__Data in this exercise__:
☆ ☆ ☆
(* Let $\mu$ be a boundedly supported Borel probability measure on $\mathbb{R}$ and let $q_0>1$ be such that $\alpha_0=\tau_\mu'(q_0)$ exists. For every $\kappa>0$ there is $\varepsilon=\varepsilon(\kappa,q_0)>0$ such that for all sufficiently large $m$: if $\mathcal{D}'\subset\mathcal{D}_m$ has at most $2^{(\tau_\mu^*(\alpha_0)-\kappa)m}$ elements, then \[ \sum_{J\in\mathcal{D}'}\mu(J)^{q_0}\le 2^{-(\tau_\mu(q_0)+\varepsilon)m}. \]
   Context: Logs base 2. $\mathcal{D}_m=\{[j2^{-m},(j+1)2^{-m}):j\in\mathbb{Z}\}$. For $q>0$, $\tau_\mu(q)=\liminf_{m\to\infty}-\frac1m\log\sum_{J\in\mathcal{D}_m,\mu(J)>0}\mu(J)^q$, and $\tau_\mu^*(\alpha)=\inf_{q>0}(\alpha q-\tau_\mu(q))$. *)

theory Defs
  imports "HOL-Probability.Probability"
begin

definition dyadic :: "nat \<Rightarrow> int \<Rightarrow> real set" where
  "dyadic m j = {real_of_int j * 2 powr (- real m) ..< (real_of_int j + 1) * 2 powr (- real m)}"

definition dyadics :: "nat \<Rightarrow> real set set" where
  "dyadics m = range (dyadic m)"

definition moment_sum :: "real measure \<Rightarrow> real \<Rightarrow> nat \<Rightarrow> real" where
  "moment_sum \<mu> q m = (\<Sum>J\<in>{J\<in>dyadics m. measure \<mu> J > 0}. measure \<mu> J powr q)"

definition tau :: "real measure \<Rightarrow> real \<Rightarrow> real" where
  "tau \<mu> q = real_of_ereal (liminf (\<lambda>m. ereal (- (1 / real m) * log 2 (moment_sum \<mu> q m))))"

definition tau_star :: "real measure \<Rightarrow> real \<Rightarrow> real" where
  "tau_star \<mu> \<alpha> = (INF q\<in>{0<..}. \<alpha> * q - tau \<mu> q)"

end

theory Submission
  imports Defs
begin

text \<open>
  Split the sum over \<open>D'\<close> at the mass threshold \<open>2^{-am}\<close>, with \<open>a = \<alpha>\<^sub>0 - \<eta>\<close> slightly
  below \<open>\<alpha>\<^sub>0\<close>. Light intervals contribute at most \<open>#D' 2^{-a q\<^sub>0 m}\<close>, which is small because
  \<open>\<tau>\<^sup>*(\<alpha>\<^sub>0) \<le> \<alpha>\<^sub>0 q\<^sub>0 - \<tau>(q\<^sub>0)\<close>; this Legendre bound holds since \<open>\<tau>\<close> is concave on
  \<open>[1,\<infinity>)\<close> (Hoelder's inequality for the moment sums) and hence lies below its tangent at
  \<open>q\<^sub>0\<close>. Heavy intervals satisfy \<open>\<mu>(J)^{q\<^sub>0} \<le> 2^{ahm} \<mu>(J)^p\<close> with \<open>p = q\<^sub>0 + h\<close>, so they
  contribute at most \<open>2^{ahm}\<close> times the \<open>p\<close>-th moment sum, roughly \<open>2^{(ah - \<tau>(p))m}\<close>; as
  \<open>\<tau>(p) - \<tau>(q\<^sub>0) \<approx> \<alpha>\<^sub>0 h > a h\<close> for small \<open>h > 0\<close>, this too is exponentially smaller
  than \<open>2^{-\<tau>(q\<^sub>0) m}\<close>.
\<close>

section \<open>Dyadic intervals\<close>

lemma dyadic_eq: "dyadic m j = {real_of_int j / 2^m ..< (real_of_int j + 1) / 2^m}"
  unfolding dyadic_def by (simp add: powr_minus_divide powr_realpow)

lemma disjoint_dyadic:
  assumes "j \<noteq> k" shows "dyadic m j \<inter> dyadic m k = {}"
proof -
  have "dyadic m a \<inter> dyadic m b = {}" if "a < b" for a b
  proof -
    from that have "(real_of_int a + 1) / 2^m \<le> real_of_int b / 2^m"
      by (intro divide_right_mono) auto
    then show ?thesis unfolding dyadic_eq by auto
  qed
  then show ?thesis using assms by (metis Int_commute linorder_neqE)
qed

lemma mem_dyadic_floor: "x \<in> dyadic m \<lfloor>x * 2^m\<rfloor>"
proof -
  have "real_of_int \<lfloor>x * 2^m\<rfloor> \<le> x * 2^m" "x * 2^m < real_of_int \<lfloor>x * 2^m\<rfloor> + 1"
    by linarith+
  then show ?thesis unfolding dyadic_eq by (simp add: field_simps)
qed

lemma inj_dyadic: "inj (dyadic m)"
proof (rule injI)
  fix j k assume "dyadic m j = dyadic m k"
  moreover have "dyadic m j \<noteq> {}"
    unfolding dyadic_eq by (auto simp: divide_strict_right_mono)
  ultimately show "j = k" using disjoint_dyadic by fastforce
qed

lemma dyadic_index_bounds:
  assumes "x \<in> dyadic m j" "\<bar>x\<bar> \<le> R"
  shows "j \<in> {\<lfloor>-R * 2^m\<rfloor> .. \<lfloor>R * 2^m\<rfloor>}"
proof -
  from assms(1) have "real_of_int j \<le> x * 2^m" "x * 2^m < real_of_int j + 1"
    unfolding dyadic_eq by (simp_all add: field_simps)
  moreover have "-R * 2^m \<le> x * 2^m" "x * 2^m \<le> R * 2^m"
    using assms(2) by (intro mult_right_mono; simp)+
  ultimately have "real_of_int j \<le> R * 2^m" "-R * 2^m < real_of_int j + 1"
    by linarith+
  then show ?thesis by (simp; linarith)
qed

lemma sum_powr_log_convex:
  fixes a :: "'i \<Rightarrow> real"
  assumes "finite I" "I \<noteq> {}" "\<And>i. i \<in> I \<Longrightarrow> a i > 0"
    and "r \<ge> 0" "s \<ge> 0" "r + s = 1"
  shows "(\<Sum>i\<in>I. a i powr (r*x + s*y)) \<le> (\<Sum>i\<in>I. a i powr x) powr r * (\<Sum>i\<in>I. a i powr y) powr s"
proof -
  define A B where "A = (\<Sum>i\<in>I. a i powr x)" and "B = (\<Sum>i\<in>I. a i powr y)"
  have "A > 0" "B > 0" unfolding A_def B_def using assms(1,2) by (auto intro!: sum_pos) (use assms(3) in fastforce)+
  \<comment> \<open>Young's inequality applied termwise to the normalised summands\<close>
  have "a i powr (r*x + s*y) \<le> A powr r * B powr s * (r * (a i powr x / A) + s * (a i powr y / B))"
    if "i \<in> I" for i
  proof -
    have "a i powr (r*x + s*y) = A powr r * B powr s * ((a i powr x / A) powr r * (a i powr y / B) powr s)"
      using \<open>A > 0\<close> \<open>B > 0\<close> assms(3)[OF that]
      by (simp add: powr_add powr_powr powr_divide mult.commute)
    also have "\<dots> \<le> A powr r * B powr s * (r * (a i powr x / A) + s * (a i powr y / B))"
      using \<open>A > 0\<close> \<open>B > 0\<close> assms(3)[OF that] assms(4-6) by (intro mult_left_mono Youngs_inequality_0) auto
    finally show ?thesis .
  qed
  then have "(\<Sum>i\<in>I. a i powr (r*x + s*y))
      \<le> (\<Sum>i\<in>I. A powr r * B powr s * (r * (a i powr x / A) + s * (a i powr y / B)))"
    by (rule sum_mono)
  also have "\<dots> = A powr r * B powr s * (r * ((\<Sum>i\<in>I. a i powr x) / A) + s * ((\<Sum>i\<in>I. a i powr y) / B))"
    by (simp only: sum_distrib_left[symmetric] sum.distrib sum_divide_distrib)
  finally show ?thesis using \<open>A > 0\<close> \<open>B > 0\<close> assms(6) unfolding A_def B_def by simp
qed

lemma sum_powr_split_at_threshold:
  fixes w :: "'a \<Rightarrow> real"
  assumes "finite D" "\<And>J. w J \<ge> 0" "t > 0" "q \<ge> 0" "h \<ge> 0"
  shows "(\<Sum>J\<in>D. w J powr q) \<le> card D * t powr q + t powr (-h) * (\<Sum>J\<in>{J\<in>D. w J > 0}. w J powr (q + h))"
proof -
  define g where "g J = (if w J > 0 then w J powr (q + h) else 0)" for J
  have "w J powr q \<le> t powr q + t powr (-h) * g J" for J
  proof (cases "w J \<le> t")
    case True
    then have "w J powr q \<le> t powr q" using assms by (intro powr_mono2) auto
    then show ?thesis unfolding g_def by (simp add: add_increasing2)
  next
    case False
    then have "w J powr q = w J powr (q + h) * w J powr (-h)" using assms(3) by (simp add: powr_add[symmetric])
    also have "\<dots> \<le> w J powr (q + h) * t powr (-h)"
      using False assms by (intro mult_left_mono powr_mono2') auto
    finally show ?thesis using False assms(3) unfolding g_def by (simp add: add_increasing mult.commute)
  qed
  then have "(\<Sum>J\<in>D. w J powr q) \<le> (\<Sum>J\<in>D. t powr q + t powr (-h) * g J)"
    by (rule sum_mono)
  also have "\<dots> = card D * t powr q + t powr (-h) * (\<Sum>J\<in>{J\<in>D. w J > 0}. w J powr (q + h))"
    using assms(1) by (simp add: sum.distrib sum_distrib_left sum.inter_filter g_def)
  finally show ?thesis .
qed

lemma two_powr_add_le:
  fixes x y z e m :: real
  assumes "x \<le> z - e" "y \<le> z - e" "1 \<le> e * m" "m \<ge> 0"
  shows "2 powr (x * m) + 2 powr (y * m) \<le> 2 powr (z * m)"
proof -
  have "2 powr (x * m) \<le> 2 powr ((z - e) * m)" "2 powr (y * m) \<le> 2 powr ((z - e) * m)"
    using assms by (intro powr_mono mult_right_mono; simp)+
  then have "2 powr (x * m) + 2 powr (y * m) \<le> 2 * 2 powr ((z - e) * m)" by linarith
  also have "\<dots> = 2 powr (1 + (z - e) * m)" by (simp add: powr_add)
  also have "\<dots> = 2 powr (1 + z * m - e * m)" by (simp add: algebra_simps)
  also have "\<dots> \<le> 2 powr (z * m)" using assms(3) by simp
  finally show ?thesis .
qed

lemma DERIV_exists_secant_above:
  fixes f :: "real \<Rightarrow> real"
  assumes "(f has_real_derivative D) (at x)" "c < D"
  shows "\<exists>y>x. f y - f x > c * (y - x)"
proof -
  have "((\<lambda>y. f y - c * y) has_real_derivative D - c) (at x)"
    using assms(1) by (auto intro!: derivative_eq_intros)
  moreover have "0 < D - c" using assms(2) by simp
  ultimately obtain d where "d > 0" and d: "\<forall>h>0. h < d \<longrightarrow> f x - c * x < f (x + h) - c * (x + h)"
    by (blast dest: DERIV_pos_inc_right)
  show ?thesis using d[rule_format, of "d/2"] \<open>d > 0\<close> by (intro exI[of _ "x + d/2"]) (auto simp: algebra_simps)
qed

section \<open>Liminf of bounded real sequences\<close>

lemma liminf_ereal_eq_real:
  fixes g :: "nat \<Rightarrow> real"
  assumes "\<forall>\<^sub>F m in sequentially. a \<le> g m \<and> g m \<le> c"
  shows "liminf (\<lambda>m. ereal (g m)) = ereal (real_of_ereal (liminf (\<lambda>m. ereal (g m))))"
proof -
  have "ereal a \<le> liminf (\<lambda>m. ereal (g m))"
    by (rule Liminf_bounded) (use assms in \<open>auto elim: eventually_mono\<close>)
  moreover have "liminf (\<lambda>m. ereal (g m)) \<le> ereal c"
    by (rule Liminf_le) (use assms in \<open>auto elim: eventually_mono\<close>)
  ultimately show ?thesis by (cases "liminf (\<lambda>m. ereal (g m))") auto
qed

lemma eventually_gt_real_liminf:
  fixes g :: "nat \<Rightarrow> real"
  assumes "\<forall>\<^sub>F m in sequentially. a \<le> g m \<and> g m \<le> c" "\<delta> > 0"
  shows "\<forall>\<^sub>F m in sequentially. g m > real_of_ereal (liminf (\<lambda>m. ereal (g m))) - \<delta>"
proof -
  have "ereal (real_of_ereal (liminf (\<lambda>m. ereal (g m))) - \<delta>) < liminf (\<lambda>m. ereal (g m))"
    using assms(2) by (subst (2) liminf_ereal_eq_real[OF assms(1)]) simp
  then show ?thesis by (auto dest: less_LiminfD elim: eventually_mono)
qed

lemma concave_on_real_liminf:
  fixes f :: "nat \<Rightarrow> real \<Rightarrow> real" and S :: "real set"
  assumes concave: "\<And>m. concave_on S (f m)"
    and bounded: "\<And>x. x \<in> S \<Longrightarrow> \<exists>c. \<forall>\<^sub>F m in sequentially. 0 \<le> f m x \<and> f m x \<le> c"
  shows "concave_on S (\<lambda>x. real_of_ereal (liminf (\<lambda>m. ereal (f m x))))"
proof -
  define \<Lambda> where "\<Lambda> = (\<lambda>x. real_of_ereal (liminf (\<lambda>m. ereal (f m x))))"
  have liminf_eq: "liminf (\<lambda>m. ereal (f m x)) = ereal (\<Lambda> x)" if x: "x \<in> S" for x
  proof -
    obtain c where "\<forall>\<^sub>F m in sequentially. 0 \<le> f m x \<and> f m x \<le> c" using bounded[OF x] ..
    then show ?thesis unfolding \<Lambda>_def by (rule liminf_ereal_eq_real)
  qed
  have "u * \<Lambda> x + v * \<Lambda> y \<le> \<Lambda> (u * x + v * y)"
    if "x \<in> S" "y \<in> S" "u \<ge> 0" "v \<ge> 0" "u + v = 1" for x y u v
  proof -
    have "u * x + v * y \<in> S"
      using concave_on_imp_convex[OF concave] that by (simp add: convex_def)
    have nonneg: "\<forall>\<^sub>F m in sequentially. 0 \<le> ereal w * ereal (f m z)" if "z \<in> S" "w \<ge> 0" for z w
      using bounded[OF \<open>z \<in> S\<close>] \<open>w \<ge> 0\<close> by (auto elim: eventually_mono)
    have "ereal (u * \<Lambda> x + v * \<Lambda> y)
        = ereal u * liminf (\<lambda>m. ereal (f m x)) + ereal v * liminf (\<lambda>m. ereal (f m y))"
      using that by (simp add: liminf_eq)
    also have "\<dots> = liminf (\<lambda>m. ereal u * ereal (f m x)) + liminf (\<lambda>m. ereal v * ereal (f m y))"
      using that by (subst (1 2) Liminf_ereal_mult_left) auto
    also have "\<dots> \<le> liminf (\<lambda>m. ereal u * ereal (f m x) + ereal v * ereal (f m y))"
      using that by (intro Liminf_add_le nonneg) auto
    also have "\<dots> \<le> liminf (\<lambda>m. ereal (f m (u * x + v * y)))"
      using concave that unfolding concave_on_iff by (intro Liminf_mono always_eventually) simp
    finally show ?thesis using liminf_eq[OF \<open>u * x + v * y \<in> S\<close>] by simp
  qed
  then have "concave_on S \<Lambda>"
    using concave_on_imp_convex[OF concave] unfolding concave_on_iff by simp
  then show ?thesis unfolding \<Lambda>_def .
qed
☆ ☆ ☆
__Problem to work on__: The string "delta" appears in some lines of the material. Report how many, and nothing more.

__Solution to this problem__: 3